> DUPLICATE THIS COLAB TO START WORKING ON IT. Using File > Save a copy to drive.


### Word2Vec

In this notebook we're going to learn and play around with word2vec embeddings that are packaged with Spacy. We'll try to build intuition on how they work and what can we do with them.

Install all the required dependencies for the project

In [None]:
%%capture
!pip install spacy==2.2.4 --quiet
!python -m spacy download en_core_web_md
!apt install libopenblas-base libomp-dev
!pip install faiss-gpu

Import all the necessary libaries

In [None]:
from collections import defaultdict
import en_core_web_md
import numpy as np
import spacy
import time
import faiss

Now let's load the Spacy data which comes with pre-trainined embeddings. This process is expensive so only do this once.



In [None]:
spacyModel = en_core_web_md.load()

First, let's play with some basic similarity functions.

In [None]:
banana = spacyModel("banana")
fruit = spacyModel("fruit")
table = spacyModel("table")
print(banana.similarity(fruit))
print(banana.similarity(table))

0.671483588786149
0.22562773991991913


As expected `Banana` is a lot more similar to `Fruit` than to `Table`. Now let's iterate over the entire vocabulary and build a search index using **Faiss**. This will make it a lot faster for us to find similar words instead of having to loop over the entire corpus each time. 

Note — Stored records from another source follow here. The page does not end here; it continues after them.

text \<open>If a protocol for three nodes with inputs in {1..4} has complexity below 4, then
  \<Prod> S_l \<le> 15. On the constant inputs (c,c,c) the three links carry transcripts
  \<tau>12, \<tau>13, \<tau>23 with |\<tau>12|\<sqdot>|\<tau>13|\<sqdot>|\<tau>23| \<le> 15, so some link has at most 3 transcripts
  while the counts of the other two multiply to at most 4; pigeonhole gives p, q, r, not all equal,
  with \<tau>12(p) = \<tau>12(q), \<tau>13(p) = \<tau>13(r) and \<tau>23(q) = \<tau>23(r). On input (p,q,r) every
  node then receives exactly what it receives on its own constant input, so it
  reports equality although the inputs differ. Conversely, letting nodes 1 and 2
  send their inputs to node 3 costs 2 + 2 bits.\<close>

lemma exec_append:
  "exec (ps @ qs) x h = exec ps x h @ exec qs x (h @ zip (map receiver ps) (exec ps x h))"
  by (induction ps arbitrary: h) (simp_all add: Let_def)

lemma length_exec [simp]: "length (exec ps x h) = length ps"
  by (induction ps arbitrary: h) (simp_all add: Let_def)

lemma length_symbols [simp]: "length (symbols ps x) = length ps"
  by (simp add: symbols_def)

lemma symbols_snoc:
  "symbols (ps @ [p]) x = symbols ps x @
     [msgfun p (x (sender p))
        (map snd (filter (\<lambda>(r, _). r = sender p) (zip (map receiver ps) (symbols ps x))))]"
  by (simp add: symbols_def exec_append Let_def)

lemma nth_symbols_snoc: "l < length ps \<Longrightarrow> symbols (ps @ [p]) x ! l = symbols ps x ! l"
  by (simp add: symbols_snoc nth_append)

lemma map_snd_filter_zip_cong:
  assumes "length xs = length rs" "length ys = length rs"
    and "\<And>l. l < length rs \<Longrightarrow> rs ! l = i \<Longrightarrow> xs ! l = ys ! l"
  shows "map snd (filter (\<lambda>(r, _). r = i) (zip rs xs)) = map snd (filter (\<lambda>(r, _). r = i) (zip rs ys))"
  using assms
proof (induction rs arbitrary: xs ys)
  case (Cons a rs)
  then obtain x xs' y ys' where "xs = x # xs'" "ys = y # ys'"
    by (auto simp: length_Suc_conv)
  moreover have "map snd (filter (\<lambda>(r, _). r = i) (zip rs xs')) = map snd (filter (\<lambda>(r, _). r = i) (zip rs ys'))"
    using Cons.prems calculation by (intro Cons.IH) force+
  ultimately show ?case
    using Cons.prems(3)[of 0] by auto
qed simp


section \<open>Cut and paste\<close>

text \<open>v i is the input vector node i is to be fooled into believing in.\<close>

definition links_agree :: "step list \<Rightarrow> (nat \<Rightarrow> nat \<Rightarrow> nat) \<Rightarrow> bool" where
  "links_agree ps v \<longleftrightarrow>
     (\<forall>l < length ps. symbols ps (v (sender (ps ! l))) ! l = symbols ps (v (receiver (ps ! l))) ! l)"

lemma links_agree_snocD:
  assumes "links_agree (ps @ [p]) v"
  shows "links_agree ps v"
  unfolding links_agree_def
proof (intro allI impI)
  fix l assume "l < length ps"
  then show "symbols ps (v (sender (ps ! l))) ! l = symbols ps (v (receiver (ps ! l))) ! l"
    using assms[unfolded links_agree_def, rule_format, of l] by (simp add: nth_append nth_symbols_snoc)
qed

lemma symbols_cut_paste:
  assumes "\<forall>s \<in> set ps. sender s \<in> N" and "\<forall>i \<in> N. v i i = w i" and "links_agree ps v"
  shows "\<forall>l < length ps. symbols ps w ! l = symbols ps (v (sender (ps ! l))) ! l"
  using assms(1,3)
proof (induction ps rule: rev_induct)
  case (snoc p ps)
  then have agree: "links_agree ps v"
    and IH: "\<forall>l < length ps. symbols ps w ! l = symbols ps (v (sender (ps ! l))) ! l"
    by (auto dest: links_agree_snocD)
  have same_view: "symbols ps w ! l = symbols ps (v T) ! l"
    if "l < length ps" "receiver (ps ! l) = T" for l T
    using IH agree that unfolding links_agree_def by metis
  let ?T = "sender p"
  have "map snd (filter (\<lambda>(r, _). r = ?T) (zip (map receiver ps) (symbols ps w)))
      = map snd (filter (\<lambda>(r, _). r = ?T) (zip (map receiver ps) (symbols ps (v ?T))))"
    by (rule map_snd_filter_zip_cong) (simp_all add: same_view)
  moreover have "v ?T ?T = w ?T"
    using snoc.prems(1) assms(2) by simp
  ultimately show ?case
    using IH by (auto simp: less_Suc_eq nth_append symbols_snoc)
qed simp

lemma received_cut_paste:
  assumes "\<forall>s \<in> set ps. sender s \<in> N" and "\<forall>i \<in> N. v i i = w i" and "links_agree ps v"
  shows "received ps w i = received ps (v i) i"
  unfolding received_def
proof (rule map_snd_filter_zip_cong)
  fix l assume "l < length (map receiver ps)" "map receiver ps ! l = i"
  then show "symbols ps w ! l = symbols ps (v i) ! l"
    using symbols_cut_paste[OF assms] assms(3) unfolding links_agree_def by auto
qed simp_all

lemma EQ_cut_paste:
  assumes "valid_protocol n P" and "\<forall>i \<in> {1..n}. v i i = w i" and "links_agree (fst P) v"
    and "i \<in> {1..n}"
  shows "EQ P w i = EQ P (v i) i"
proof -
  have "\<forall>s \<in> set (fst P). sender s \<in> {1..n}"
    using assms(1) unfolding valid_protocol_def by blast
  then show ?thesis
    using received_cut_paste[OF _ assms(2,3)] assms(2,4) unfolding EQ_def by simp
qed

lemma fooled_not_solves:
  assumes "w \<in> inputs n M" and "\<not> all_equal n w" and "1 \<le> n"
    and "\<And>i. i \<in> {1..n} \<Longrightarrow> v i \<in> inputs n M \<and> all_equal n (v i) \<and> EQ P w i = EQ P (v i) i"
  shows "\<not> solves_AD n M P" and "\<not> solves_CD n M P"
proof -
  show "\<not> solves_AD n M P"
  proof
    assume AD: "solves_AD n M P"
    have "\<not> EQ P w i" if i: "i \<in> {1..n}" for i
    proof -
      have "\<not> EQ P (v i) i"
        using AD assms(4)[OF i] i unfolding solves_AD_def by blast
      then show ?thesis
        using assms(4)[OF i] by simp
    qed
    then show False
      using AD assms(1,2) unfolding solves_AD_def by blast
  qed
  show "\<not> solves_CD n M P"
  proof
    assume CD: "solves_CD n M P"
    have n: "n \<in> {1..n}"
      using assms(3) by simp
    then have "\<not> EQ P w n"
      using CD assms(4)[OF n] unfolding solves_CD_def by simp
    then show False
      using CD assms(1,2) unfolding solves_CD_def by blast
  qed
qed

section \<open>Counting\<close>

lemma exists_triangle_collision:
  fixes f :: "'c \<Rightarrow> 'a" and g :: "'c \<Rightarrow> 'b" and h :: "'c \<Rightarrow> 'd"
  assumes "finite A" and "card (f ` A) * card (g ` A) \<le> card A" and "card (h ` A) < card A"
  shows "\<exists>p\<in>A. \<exists>q\<in>A. \<exists>r\<in>A. \<not> (p = q \<and> q = r) \<and> f p = f q \<and> g p = g r \<and> h q = h r"
proof (cases "inj_on (\<lambda>c. (f c, g c)) A")
  case False
  then show ?thesis
    unfolding inj_on_def by blast
next
  case True
  have sub: "(\<lambda>c. (f c, g c)) ` A \<subseteq> f ` A \<times> g ` A"
    by auto
  have "card A \<le> card (f ` A \<times> g ` A)"
    using card_mono[OF _ sub] card_image[OF True] assms(1) by simp
  then have "(\<lambda>c. (f c, g c)) ` A = f ` A \<times> g ` A"
    using card_subset_eq[OF _ sub] card_image[OF True] assms(1,2) by (simp add: card_cartesian_product)
  moreover obtain q r where "q \<in> A" "r \<in> A" "q \<noteq> r" "h q = h r"
  proof -
    have "\<not> inj_on h A"
      using assms(3) card_image by fastforce
    then show ?thesis
      using that unfolding inj_on_def by blast
  qed
  ultimately obtain p where "p \<in> A" "(f q, g r) = (f p, g p)"
    by (metis (no_types, lifting) imageE mem_Sigma_iff imageI)
  with \<open>q \<in> A\<close> \<open>r \<in> A\<close> \<open>q \<noteq> r\<close> \<open>h q = h r\<close> show ?thesis
    by (metis Pair_inject)
qed

lemma factor_bound_15:
  fixes a b c :: nat
  assumes "a \<in> {1..4}" "b \<in> {1..4}" "c \<in> {1..4}" "a * b * c \<le> 15"
  shows "a * b \<le> 4 \<and> c \<le> 3 \<or> a * c \<le> 4 \<and> b \<le> 3 \<or> b * c \<le> 4 \<and> a \<le> 3"
proof -
  have "a \<in> {1,2,3,4}" "b \<in> {1,2,3,4}" "c \<in> {1,2,3,4}"
    using assms(1-3) by auto
  then show ?thesis
    using assms(4) by auto
qed

lemma exists_triangle_collision_card_4:
  fixes F12 F13 F23 :: "'c \<Rightarrow> 'a"
  assumes "card A = 4" and "card (F12 ` A) * card (F13 ` A) * card (F23 ` A) \<le> 15"
  shows "\<exists>p\<in>A. \<exists>q\<in>A. \<exists>r\<in>A. \<not> (p = q \<and> q = r) \<and> F12 p = F12 q \<and> F13 p = F13 r \<and> F23 q = F23 r"
proof -
  have fin: "finite A"
    using assms(1) card_ge_0_finite by force
  have bounds: "card (F ` A) \<in> {1..4}" for F :: "'c \<Rightarrow> 'a"
    using fin assms(1) card_image_le[OF fin, of F] by (auto simp: Suc_le_eq card_gt_0_iff)
  have "card (F12 ` A) * card (F13 ` A) \<le> 4 \<and> card (F23 ` A) \<le> 3
      \<or> card (F12 ` A) * card (F23 ` A) \<le> 4 \<and> card (F13 ` A) \<le> 3
      \<or> card (F13 ` A) * card (F23 ` A) \<le> 4 \<and> card (F12 ` A) \<le> 3"
    using factor_bound_15[OF bounds bounds bounds assms(2)] .
  then show ?thesis
  proof (elim disjE)
    assume "card (F12 ` A) * card (F13 ` A) \<le> 4 \<and> card (F23 ` A) \<le> 3"
    then show ?thesis
      using exists_triangle_collision[OF fin, of F12 F13 F23] assms(1) by simp
  next
    assume "card (F12 ` A) * card (F23 ` A) \<le> 4 \<and> card (F13 ` A) \<le> 3"
    then show ?thesis
      using exists_triangle_collision[OF fin, of F12 F23 F13] assms(1) by (simp, metis)
  next
    assume "card (F13 ` A) * card (F23 ` A) \<le> 4 \<and> card (F12 ` A) \<le> 3"
    then show ?thesis
      using exists_triangle_collision[OF fin, of F13 F23 F12] assms(1) by (simp, metis)
  qed
qed


lemma inputs_ne: "1 \<le> M \<Longrightarrow> inputs n M \<noteq> {}"
  unfolding inputs_def by (simp add: PiE_eq_empty_iff)

lemma finite_inputs: "finite (inputs n M)"
  unfolding inputs_def by (simp add: finite_PiE)

lemma image_component_inputs: "i \<in> {1..n} \<Longrightarrow> (\<lambda>x. x i) ` inputs n M = {1..M}"
proof (intro equalityI subsetI)
  fix c assume "i \<in> {1..n}" "c \<in> {1..M}"
  then have "restrict (\<lambda>_. c) {1..n} \<in> inputs n M" "restrict (\<lambda>_. c) {1..n} i = c"
    unfolding inputs_def by auto
  then show "c \<in> (\<lambda>x. x i) ` inputs n M"
    by (metis image_eqI)
qed (auto simp: inputs_def)

lemma S_pos: "1 \<le> M \<Longrightarrow> 0 < S n M P l"
  unfolding S_def using inputs_ne finite_inputs by (simp add: card_gt_0_iff)

lemma complexity_eq_log_prod:
  assumes "1 \<le> M"
  shows "complexity n M P = log 2 (\<Prod>l < length (fst P). real (S n M P l))"
  using S_pos[OF assms]
  by (simp add: complexity_def log_def ln_prod sum_divide_distrib)

lemma prod_S_le_15:
  assumes "1 \<le> M" and "complexity n M P < 4"
  shows "(\<Prod>l < length (fst P). S n M P l) \<le> 15"
proof -
  have "0 < (\<Prod>l < length (fst P). real (S n M P l))"
    using S_pos[OF assms(1)] by (simp add: prod_pos)
  then have "(\<Prod>l < length (fst P). real (S n M P l)) < 2 powr 4"
    using assms by (simp add: complexity_eq_log_prod log_less_iff)
  then have "real (\<Prod>l < length (fst P). S n M P l) < 16"
    by simp
  then show ?thesis
    by linarith
qed

definition link_steps :: "step list \<Rightarrow> nat set \<Rightarrow> nat set" where
  "link_steps ps e = {l. l < length ps \<and> {sender (ps ! l), receiver (ps ! l)} = e}"

definition link_transcript :: "step list \<Rightarrow> nat set \<Rightarrow> (nat \<Rightarrow> nat) \<Rightarrow> nat \<Rightarrow> nat" where
  "link_transcript ps e x = restrict (\<lambda>l. symbols ps x ! l) (link_steps ps e)"

lemma finite_link_steps [simp]: "finite (link_steps ps e)"
  unfolding link_steps_def by simp

lemma card_link_transcripts_le:
  assumes "X \<subseteq> inputs n M"
  shows "card (link_transcript (fst P) e ` X) \<le> (\<Prod>l \<in> link_steps (fst P) e. S n M P l)"
proof -
  have "link_transcript (fst P) e ` X
      \<subseteq> (\<Pi>\<^sub>E l \<in> link_steps (fst P) e. (\<lambda>x. symbols (fst P) x ! l) ` inputs n M)"
    using assms by (auto simp: link_transcript_def restrict_PiE_iff)
  then have "card (link_transcript (fst P) e ` X)
      \<le> card (\<Pi>\<^sub>E l \<in> link_steps (fst P) e. (\<lambda>x. symbols (fst P) x ! l) ` inputs n M)"
    by (rule card_mono[rotated]) (simp add: finite_PiE finite_inputs)
  then show ?thesis
    by (simp add: card_PiE S_def)
qed

lemma valid_protocol_nth:
  assumes "valid_protocol n P" and "l < length (fst P)"
  shows "sender (fst P ! l) \<in> {1..n}" "receiver (fst P ! l) \<in> {1..n}"
    "sender (fst P ! l) \<noteq> receiver (fst P ! l)"
  using assms nth_mem[OF assms(2)] unfolding valid_protocol_def by blast+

Feel free to ignore learning more about **Faiss** at this time as we'll dive more into it in Week 3. At the high-level it is a really efficient library to find similar vectors from a corpus.

Note: This next cell will take a fair bit of time to run.

In [None]:
def load_index():
  """Expensive method - call only once!!
  """
  word_to_id = {}
  id_to_word = {}
  vectors = []
  vector_dimension = 300
  id = 0

  # Iterate over the entire vocabulary
  for i, tok in enumerate(spacyModel.vocab):
    vector = tok.vector
    l2_norm = np.linalg.norm(vector)

    # Ignore zero vectors, nan vlaues
    if (np.isclose(l2_norm, 0.0) or 
        np.isnan(l2_norm) or 
        np.any(np.isnan(vector))):
      continue
    else:
      vectors.append(np.divide(vector, l2_norm))

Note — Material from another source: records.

text \<open>For n \<ge> 2 the block of indices n div 2 \<le> j < n has about n/2 elements, each contributing
  j G j \<ge> (n div 2) G n, so n^2 G n is bounded by eight times a tail of the convergent series.\<close>
lemma sq_mult_LIMSEQ_zero_if_summable_mult:
  fixes G :: "nat \<Rightarrow> real"
  assumes nonneg: "\<And>n. n \<ge> m \<Longrightarrow> 0 \<le> G n"
    and decreasing: "\<And>n. n \<ge> m \<Longrightarrow> G (Suc n) \<le> G n"
    and summable: "summable (\<lambda>n. real n * G n)"
  shows "(\<lambda>n. (real n)^2 * G n) \<longlonglongrightarrow> 0"
proof (rule LIMSEQ_I)
  fix r :: real assume "0 < r"
  then obtain N where N: "\<And>i j. i \<ge> N \<Longrightarrow> norm (\<Sum>l=i..<j. real l * G l) < r / 8"
    using summable unfolding summable_Cauchy by (metis divide_pos_pos zero_less_numeral)
  have "norm ((real n)^2 * G n - 0) < r" if n: "n \<ge> 2 * (N + m) + 2" for n
  proof -
    define h where "h = n div 2"
    have h: "N \<le> h" "m \<le> h" "h \<le> n" "1 \<le> h" using n by (auto simp: h_def)
    have "0 \<le> G n" using nonneg h by simp
    have G_le: "G n \<le> G j" if "h \<le> j" "j \<le> n" for j
      using that(2)
    proof (induction rule: dec_induct)
      case (step i)
      then show ?case using decreasing[of i] \<open>m \<le> h\<close> \<open>h \<le> j\<close> by simp
    qed simp
    have "n^2 \<le> 8 * ((n - h) * h)"
    proof (cases "even n")
      case True
      then have "n = 2 * h" by (simp add: h_def)
      then show ?thesis by (simp add: power2_eq_square)
    next
      case False
      then have "n = 2 * h + 1" by (simp add: h_def)
      then show ?thesis using \<open>1 \<le> h\<close> by (simp add: power2_eq_square algebra_simps)
    qed
    then have "(real n)^2 \<le> 8 * (real (n - h) * real h)"
      by (metis of_nat_le_iff of_nat_mult of_nat_numeral of_nat_power)
    from mult_right_mono[OF this \<open>0 \<le> G n\<close>]
    have "(real n)^2 * G n \<le> 8 * (real (n - h) * real h * G n)" by (simp only: mult.assoc)
    also have "\<dots> = 8 * (\<Sum>j=h..<n. real h * G n)" by simp
    also have "\<dots> \<le> 8 * (\<Sum>j=h..<n. real j * G j)"
      using G_le \<open>0 \<le> G n\<close> by (intro mult_left_mono sum_mono mult_mono) auto
    also have "\<dots> < r" using N[OF \<open>N \<le> h\<close>, of n] by simp
    finally show ?thesis using \<open>0 \<le> G n\<close> by simp
  qed
  then show "\<exists>n0. \<forall>n\<ge>n0. norm ((real n)^2 * G n - 0) < r" by blast
qed

lemma weighted_kinetic_step:
  fixes \<kappa> \<alpha> w w' d d' :: real
  assumes pos: "\<kappa> + \<alpha> - 1 > 0" and "0 \<le> d'"
    and step: "w' + d' \<le> w + ((\<kappa> - 1) / (\<kappa> + \<alpha> - 1))^2 * d"
  shows "(\<kappa> + \<alpha> - 1)^2 * w' + \<kappa>^2 * d' + 2 * (\<alpha> - 1) * \<kappa> * d'
           \<le> (\<kappa> + \<alpha> - 2)^2 * w + (\<kappa> - 1)^2 * d + (2 * \<kappa> + 2 * \<alpha> - 3) * w"
proof -
  have "(\<kappa> + \<alpha> - 1)^2 * (w' + d') \<le> (\<kappa> + \<alpha> - 1)^2 * w + (\<kappa> - 1)^2 * d"
    using mult_left_mono[OF step, of "(\<kappa> + \<alpha> - 1)^2"] pos
    by (simp add: distrib_left power_divide)
  moreover have "(\<kappa> + \<alpha> - 1)^2 * (w' + d')
      = (\<kappa> + \<alpha> - 1)^2 * w' + \<kappa>^2 * d' + 2 * (\<alpha> - 1) * \<kappa> * d' + (\<alpha> - 1)^2 * d'"
    by (simp add: power2_eq_square algebra_simps)
  moreover have "(\<kappa> + \<alpha> - 1)^2 * w = (\<kappa> + \<alpha> - 2)^2 * w + (2 * \<kappa> + 2 * \<alpha> - 3) * w"
    by (simp add: power2_eq_square algebra_simps)
  moreover have "0 \<le> (\<alpha> - 1)^2 * d'" using \<open>0 \<le> d'\<close> by simp
  ultimately show ?thesis by linarith
qed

    # Add to the output variables
    word_to_id[tok.text.lower()] = id
    id_to_word[id] = tok.text.lower()
    id += 1

  
  vectors = np.array(vectors)
  index = faiss.IndexFlatIP(vector_dimension)
  index.add(vectors)
  return word_to_id, id_to_word, vectors, index

word_to_id, id_to_word, vectors, index = load_index()
vector_size = len(vectors)
print("We created a search index of %d vectors" % vector_size)

We created a search index of 684754 vectors


Now we're going to add a helper functions to calculate top_k similar words to some input in the index.

In [None]:
def search_vector(word_vector, top_k=100, print_time_taken=False):
  word_vector = np.array([word_vector])
  start_time = time.time()
  scores, indices = index.search(word_vector, top_k)
  if print_time_taken:
    print("Time taken to search amongst {} words is {:.3}s".format(
        vector_size, (time.time() - start_time))
    )
  results = []
  words = set()
  for i, query_index in enumerate(indices):
      # Matches for the i'th one 
      for inn_idx, word_index in enumerate(query_index):
          if word_index < 0:
              continue
          word = id_to_word[word_index]
          if word in words:
            continue
          words.add(word)
          results.append((word, float(scores[i][inn_idx])))
  return sorted(results, key=lambda tup: -tup[1])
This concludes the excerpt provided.